E la storia della salvezza non consiste in altro che riprendere continuamente le fila di questa relazione con il Signore, la fatica di ricostruire la fiducia, la fedeltà all’alleanza, di ricreare quella familiarità.
Il Vangelo di oggi è la risposta a questo desiderio di familiarità. Maria non si nasconde come Adamo ed Eva del giardino, ed entra in dialogo con Dio. Quando Dio la cerca, la sua risposta non è la paura. In lei c’è certo il turbamento, c’è il timore, perché sente il peso di questa sproporzione, tra lei e Dio. Ma questo non le impedisce di ascoltare. La richiesta di Dio comporta tanti problemi dal punto di vista umano: chi avrebbe potuto comprendere un mistero del genere? Giuseppe l’avrebbe ripudiata, ci sarebbe stato uno scandalo… erano tante e valide le ragioni sociali e familiari per declinare questa richiesta.
Maria, invece, si lascia convincere dalla verità di Dio, da ciò che Dio le dice, e cioè semplicemente di non aver paura: “Non temere, perché hai trovato grazia presso Dio” (Lc 1,30). Come la paura è il frutto del peccato, la fiducia è il frutto della grazia. Questa è la cosa nuova, la nuova creazione che Dio compie in Maria, una donna nuovamente capace di fidarsi di Dio.
Per cui Maria dice “sì” ad essere ciò per cui l’uomo era stato creato in principio, luogo della Parola, terra che accoglie la Parola di Dio.
La solennità di oggi ci dice che questo passaggio dalla paura alla fiducia, dalla solitudine alla relazione, è possibile per grazia. Non è possibile per un eventuale sforzo dell’uomo che, da solo, riesce a ristabilire una relazione giusta con Dio, ma perché Dio stesso sceglie una creatura e la rende capace di nuovo di una relazione piena con Lui, una relazione libera dalle conseguenze del peccato. Una creatura capace di nuovo, semplicemente, di fidarsi.
Gesù con la Pasqua completerà l’opera iniziata con il “si” di Maria. Con la sua obbedienza al padre ristabilisce una volta per tutte la nuova creazione e dona al mondo una nuova vita. Il Vangelo di oggi, dunque, ci parla di un “si” alla fede e alla fiducia anche in ciò che sembra umanamente impossibile, di un “si” all’ascolto, nonostante il turbamento, di un “si” alla vita anche quando questo creerà problemi di ogni genere, senza paura.

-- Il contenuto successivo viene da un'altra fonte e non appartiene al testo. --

text \<open>Moving a little mass of an optimal coupling from the pairs \<open>(a i, b i)\<close> to the pairs
  \<open>(a (Suc i), b i)\<close> preserves the marginals, so it cannot decrease the cost.\<close>

lemma Cset_cyclically_monotone:
  assumes C: "\<And>i. i < k \<Longrightarrow> (a i, b i) \<in> Cset adj \<mu> \<nu>" and cycle: "a k = a 0"
  shows "(\<Sum>i<k. real (gdist adj (a i) (b i))) \<le> (\<Sum>i<k. real (gdist adj (a (Suc i)) (b i)))"
proof (cases "k = 0")
  case False
  define T where "T = (\<lambda>i. (a i, b i)) ` {..<k}"
  have "finite T" "T \<noteq> {}" "T \<subseteq> Cset adj \<mu> \<nu>" using C \<open>k \<noteq> 0\<close> by (auto simp: T_def)
  then obtain \<sigma> where \<sigma>: "\<sigma> \<in> Pi1 adj \<mu> \<nu>" "\<forall>q\<in>T. 0 < \<sigma> q"
    using Pi1_positive_on_finite_subset_Cset by blast
  have coupling: "coupling \<mu> \<nu> \<sigma>" and optimal: "tcost adj \<sigma> = W1 adj \<mu> \<nu>"
    using \<sigma>(1) by (auto simp: Pi1_def)
  define \<epsilon> where "\<epsilon> = Min (\<sigma> ` T) / k"
  have "0 < Min (\<sigma> ` T)" using \<open>finite T\<close> \<open>T \<noteq> {}\<close> \<sigma>(2) by (subst Min_gr_iff) auto
  then have "0 < \<epsilon>" using \<open>k \<noteq> 0\<close> by (simp add: \<epsilon>_def)
  have "\<epsilon> * occurrences (\<lambda>i. (a i, b i)) k p \<le> \<sigma> p" for p
  proof (cases "p \<in> T")
    case True
    have "occurrences (\<lambda>i. (a i, b i)) k p \<le> k"
      using sum_mono[of "{..<k}" "\<lambda>i. of_bool (p = (a i, b i)) :: real" "\<lambda>_. 1"]
      by (simp add: occurrences_def)
    then have "\<epsilon> * occurrences (\<lambda>i. (a i, b i)) k p \<le> Min (\<sigma> ` T)"
      using \<open>0 < \<epsilon>\<close> \<open>k \<noteq> 0\<close> by (simp add: \<epsilon>_def field_simps mult_left_mono)
    also have "\<dots> \<le> \<sigma> p" using True by (simp add: T_def)
    finally show ?thesis .
  next
    case False
    then have "occurrences (\<lambda>i. (a i, b i)) k p = 0"
      by (auto simp: occurrences_def T_def intro!: sum.neutral)
    then show ?thesis using coupling_nonneg[OF coupling] by simp
  qed
  note perturbed = coupling_cyclic_perturbation[OF coupling cycle less_imp_le[OF \<open>0 < \<epsilon>\<close>] this]
  have "W1 adj \<mu> \<nu> \<le> W1 adj \<mu> \<nu> + \<epsilon> * ((\<Sum>i<k. real (gdist adj (a (Suc i)) (b i)))
                                      - (\<Sum>i<k. real (gdist adj (a i) (b i))))"
    using W1_le_tcost[OF perturbed(1), of adj] perturbed(2)[of adj] optimal by simp
  then show ?thesis using \<open>0 < \<epsilon>\<close> by (simp add: zero_le_mult_iff)
qed simp
lemma peierls_eq_SUP: "peierls H x y = (SUP p. SUP N. S_peierls H p N x y)"
proof -
  have mono_N: "incseq (\<lambda>N. S_peierls H p N x y)" for p
    unfolding incseq_def S_peierls_def by (auto intro: INF_superset_mono)
  have mono_p: "incseq (\<lambda>p. SUP N. S_peierls H p N x y)"
    unfolding incseq_def S_peierls_def
    by (auto intro!: SUP_mono INF_superset_mono intro: agree_mono)
  have "lim (\<lambda>N. S_peierls H p N x y) = (SUP N. S_peierls H p N x y)" for p
    by (rule limI) (rule LIMSEQ_SUP[OF mono_N])
  then show ?thesis
    unfolding peierls_def by (simp add: limI[OF LIMSEQ_SUP[OF mono_p]])
qed

lemma peierls_le_if_orbits:
  assumes "Hbar H = 0"
    and "\<And>p N. \<exists>k z. N \<le> k \<and> agree p z x \<and> agree p ((shift ^^ k) z) y \<and> action H k z \<le> c"
  shows "peierls H x y \<le> ereal c"
  unfolding peierls_eq_SUP
proof (intro SUP_least)
  fix p N
  obtain k z where "N \<le> k" "agree p z x" "agree p ((shift ^^ k) z) y" "action H k z \<le> c"
    using assms(2) by blast
  then show "S_peierls H p N x y \<le> ereal c"
    unfolding S_peierls_def using assms(1) by (intro INF_lower2[of "(k, z)"]) auto
qed

lemma peierls_ge_if_orbits:
  assumes "Hbar H = 0"
    and "\<And>e. e > 0 \<Longrightarrow> \<exists>p. \<forall>k z. agree p z x \<and> agree p ((shift ^^ k) z) y \<longrightarrow> c - e \<le> action H k z"
  shows "ereal c \<le> peierls H x y"
proof (rule ereal_le_epsilon2)
  fix e :: real assume "0 < e"
  from assms(2)[OF this] obtain p where p: "\<forall>k z. agree p z x \<and> agree p ((shift ^^ k) z) y \<longrightarrow> c - e \<le> action H k z"
    by blast
  have "ereal (c - e) \<le> S_peierls H p 0 x y"
    unfolding S_peierls_def using p assms(1) by (auto intro!: INF_greatest)
  also have "\<dots> \<le> peierls H x y"
    unfolding peierls_eq_SUP by (rule SUP_upper2[OF UNIV_I]) (rule SUP_upper[OF UNIV_I])
  finally have "ereal (c - e) + ereal e \<le> peierls H x y + ereal e"
    by (rule add_right_mono)
  then show "ereal c \<le> peierls H x y + ereal e"
    by simp
qed
(* Let $n\ge2$ and $\sigma,\delta,\tau\in\mathbb{C}$ with $\sigma\tau\ne0$, and let $\lambda_h=\delta+2\sqrt{\sigma\tau}\cos\frac{h\pi}{n+1}$ ($1\le h\le n$) be an eigenvalue of $T=(n;\sigma,\delta,\tau)$. Then its $\mathcal{T}$-structured condition number is \[ \kappa_{\mathcal T}(\lambda_h)=\sqrt{\frac1n+\frac1{n-1}\left(\left|\frac{\sigma}{\tau}\right|+\left|\frac{\tau}{\sigma}\right|\right)\cos^2\frac{h\pi}{n+1}}. \] In particular $\kappa_{\mathcal T}(\lambda_h)$ depends only on $h$, $n$ and $|\sigma/\tau|$.
   Context: $T=(n;\sigma,\delta,\tau)$ is the $n\times n$ tridiagonal Toeplitz matrix with diagonal $\delta$, superdiagonal $\tau$, subdiagonal $\sigma$. Its eigenvalue $\lambda_h$ has right eigenvector $x_h$ with components $x_{h,k}=(\sqrt{\sigma/\tau})^k\sin\frac{hk\pi}{n+1}$ and left eigenvector $y_h$ ($y_h^HT=\lambda_hy_h^H$) with $y_{h,k}=(\sqrt{\bar\tau/\bar\sigma})^k\sin\frac{hk\pi}{n+1}$, $k=1,\dots,n$. Let $\widetilde x_h=x_h/\|x_h\|_2$, $\widetilde y_h=y_h/\|y_h\|_2$, $\kappa(\lambda_h)=\|x_h\|_2\|y_h\|_2/|y_h^Hx_h|$, and $W_h=\widetilde y_h\widetilde x_h^H$ (the Wilkinson perturbation). Let $\mathcal T\subset\mathbb{C}^{n\times n}$ be the subspace of $n\times n$ tridiagonal Toeplitz matrices and $W_h|_{\mathcal T}$ the orthogonal projection of $W_h$ onto $\mathcal T$ with respect to the Frobenius inner product. The $\mathcal T$-structured condition number is $\kappa_{\mathcal T}(\lambda_h)=\kappa(\lambda_h)\,\|W_h|_{\mathcal T}\|_F$. *)

theory Defs
  imports Complex_Main
begin

text \<open>Matrices of size n are represented as functions nat => nat => complex,
  indexed by 1..n and zero outside; vectors as nat => complex indexed by 1..n.\<close>

definition tridiag_toeplitz :: "nat \<Rightarrow> complex \<Rightarrow> complex \<Rightarrow> complex \<Rightarrow> nat \<Rightarrow> nat \<Rightarrow> complex" where
  "tridiag_toeplitz n \<sigma> \<delta> \<tau> i j =
     (if 1 \<le> i \<and> i \<le> n \<and> 1 \<le> j \<and> j \<le> n then
        (if i = j then \<delta> else if j = i + 1 then \<tau> else if i = j + 1 then \<sigma> else 0)
      else 0)"

definition tt_space :: "nat \<Rightarrow> (nat \<Rightarrow> nat \<Rightarrow> complex) set" where
  "tt_space n = {M. \<exists>\<sigma> \<delta> \<tau>. M = tridiag_toeplitz n \<sigma> \<delta> \<tau>}"

definition vnorm :: "nat \<Rightarrow> (nat \<Rightarrow> complex) \<Rightarrow> real" where
  "vnorm n v = sqrt (\<Sum>k=1..n. (cmod (v k))^2)"

definition vinner :: "nat \<Rightarrow> (nat \<Rightarrow> complex) \<Rightarrow> (nat \<Rightarrow> complex) \<Rightarrow> complex" where
  "vinner n y x = (\<Sum>k=1..n. cnj (y k) * x k)"

definition frob_inner :: "nat \<Rightarrow> (nat \<Rightarrow> nat \<Rightarrow> complex) \<Rightarrow> (nat \<Rightarrow> nat \<Rightarrow> complex) \<Rightarrow> complex" where
  "frob_inner n A B = (\<Sum>i=1..n. \<Sum>j=1..n. A i j * cnj (B i j))"

definition frob_norm :: "nat \<Rightarrow> (nat \<Rightarrow> nat \<Rightarrow> complex) \<Rightarrow> real" where
  "frob_norm n A = sqrt (\<Sum>i=1..n. \<Sum>j=1..n. (cmod (A i j))^2)"

definition proj_tt :: "nat \<Rightarrow> (nat \<Rightarrow> nat \<Rightarrow> complex) \<Rightarrow> (nat \<Rightarrow> nat \<Rightarrow> complex)" where
  "proj_tt n W = (THE P. P \<in> tt_space n \<and>
      (\<forall>M\<in>tt_space n. frob_inner n (\<lambda>i j. W i j - P i j) M = 0))"

definition right_ev :: "nat \<Rightarrow> complex \<Rightarrow> complex \<Rightarrow> nat \<Rightarrow> nat \<Rightarrow> complex" where
  "right_ev n \<sigma> \<tau> h k = (csqrt (\<sigma> / \<tau>)) ^ k * complex_of_real (sin (real h * real k * pi / real (n + 1)))"

definition left_ev :: "nat \<Rightarrow> complex \<Rightarrow> complex \<Rightarrow> nat \<Rightarrow> nat \<Rightarrow> complex" where
  "left_ev n \<sigma> \<tau> h k = (csqrt (cnj \<tau> / cnj \<sigma>)) ^ k * complex_of_real (sin (real h * real k * pi / real (n + 1)))"

definition cond_num :: "nat \<Rightarrow> complex \<Rightarrow> complex \<Rightarrow> nat \<Rightarrow> real" where
  "cond_num n \<sigma> \<tau> h =
     vnorm n (right_ev n \<sigma> \<tau> h) * vnorm n (left_ev n \<sigma> \<tau> h)
       / cmod (vinner n (left_ev n \<sigma> \<tau> h) (right_ev n \<sigma> \<tau> h))"

definition wilkinson :: "nat \<Rightarrow> complex \<Rightarrow> complex \<Rightarrow> nat \<Rightarrow> nat \<Rightarrow> nat \<Rightarrow> complex" where
  "wilkinson n \<sigma> \<tau> h i j =
     (if 1 \<le> i \<and> i \<le> n \<and> 1 \<le> j \<and> j \<le> n then
        (left_ev n \<sigma> \<tau> h i / complex_of_real (vnorm n (left_ev n \<sigma> \<tau> h)))
        * cnj (right_ev n \<sigma> \<tau> h j / complex_of_real (vnorm n (right_ev n \<sigma> \<tau> h)))
      else 0)"

text \<open>Structured condition number of lambda_h for T = (n; sigma, delta, tau).
  (It does not depend on delta, which is kept as an argument to mirror the paper.)\<close>
definition struct_cond_num :: "nat \<Rightarrow> complex \<Rightarrow> complex \<Rightarrow> complex \<Rightarrow> nat \<Rightarrow> real" where
  "struct_cond_num n \<sigma> \<delta> \<tau> h =
     cond_num n \<sigma> \<tau> h * frob_norm n (proj_tt n (wilkinson n \<sigma> \<tau> h))"

end

theory Submission
  imports Defs
begin

text \<open>The orthogonal projection onto tridiagonal Toeplitz matrices replaces each of the three
  diagonals by its mean. For the rank-one matrix W = y~ x~^H the norms of x and y then cancel
  against kappa(lambda_h), so kappa_T(lambda_h)^2 = (|s_0|^2 / n + (|s_1|^2 + |s_-1|^2) / (n - 1)) / |y^H x|^2,
  where s_0, s_1, s_-1 are the sums of the main, super- and subdiagonal of y x^H.
  Since conj (sqrt (conj tau / conj sigma)) * sqrt (sigma / tau) = 1, the geometric factors of the
  eigenvectors cancel on the main diagonal and leave a single factor of modulus
  sqrt |sigma / tau| resp. sqrt |tau / sigma| on the off-diagonals. What remains are the sums
  sum_k sin^2 (k theta) = (n + 1) / 2 and sum_k sin (k theta) sin ((k + 1) theta) = (n + 1) / 2 * cos theta
  for theta = h pi / (n + 1), which telescope because (n + 1) theta is a multiple of pi.\<close>

lemma sum_superdiagonal:
  fixes f :: "nat \<Rightarrow> nat \<Rightarrow> 'a::comm_monoid_add"
  shows "(\<Sum>i=1..n. \<Sum>j=1..n. if j = Suc i then f i j else 0) = (\<Sum>i=1..n-1. f i (Suc i))"
proof -
  have "(\<Sum>i=1..n. \<Sum>j=1..n. if j = Suc i then f i j else 0) = (\<Sum>i=1..n. if Suc i \<le> n then f i (Suc i) else 0)"
    by (intro sum.cong) (auto simp: sum.delta')
  also have "\<dots> = (\<Sum>i=1..n-1. f i (Suc i))"
    by (intro sum.mono_neutral_cong_right) auto
  finally show ?thesis .
qed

Sono indicazioni di vita importanti per tutti noi e soprattutto in questo tempo dove la fiducia è una delle principali vittime di questa guerra. Maria ci insegna a dire “si” con una fiducia sconfinata a quello che verrà, perché si fida di Dio. Non sarà facile. Gli verrà detto quasi subito che “una spada ti trafiggerà l’anima” (Lc 2,35). Ma resterà fedele al suo “si” iniziale.
Esiste un regno, che è cominciato proprio con quel “si” e che raggiunge il suo compimento con la Pasqua di Cristo, che oggi celebriamo, dove il Signore della vita trionfa, dove la pace è donata da mani e cuori feriti ma non vinti, dove la morte giace svuotata come i teli del sepolcro.
Questa non è alienazione né fuga astratta dalla realtà. Questa è fiducia incrollabile in Cristo risorto il quale, se ci manda come agnelli tra lupi, ci assicura anche che la vittoria sulla morte è decisa.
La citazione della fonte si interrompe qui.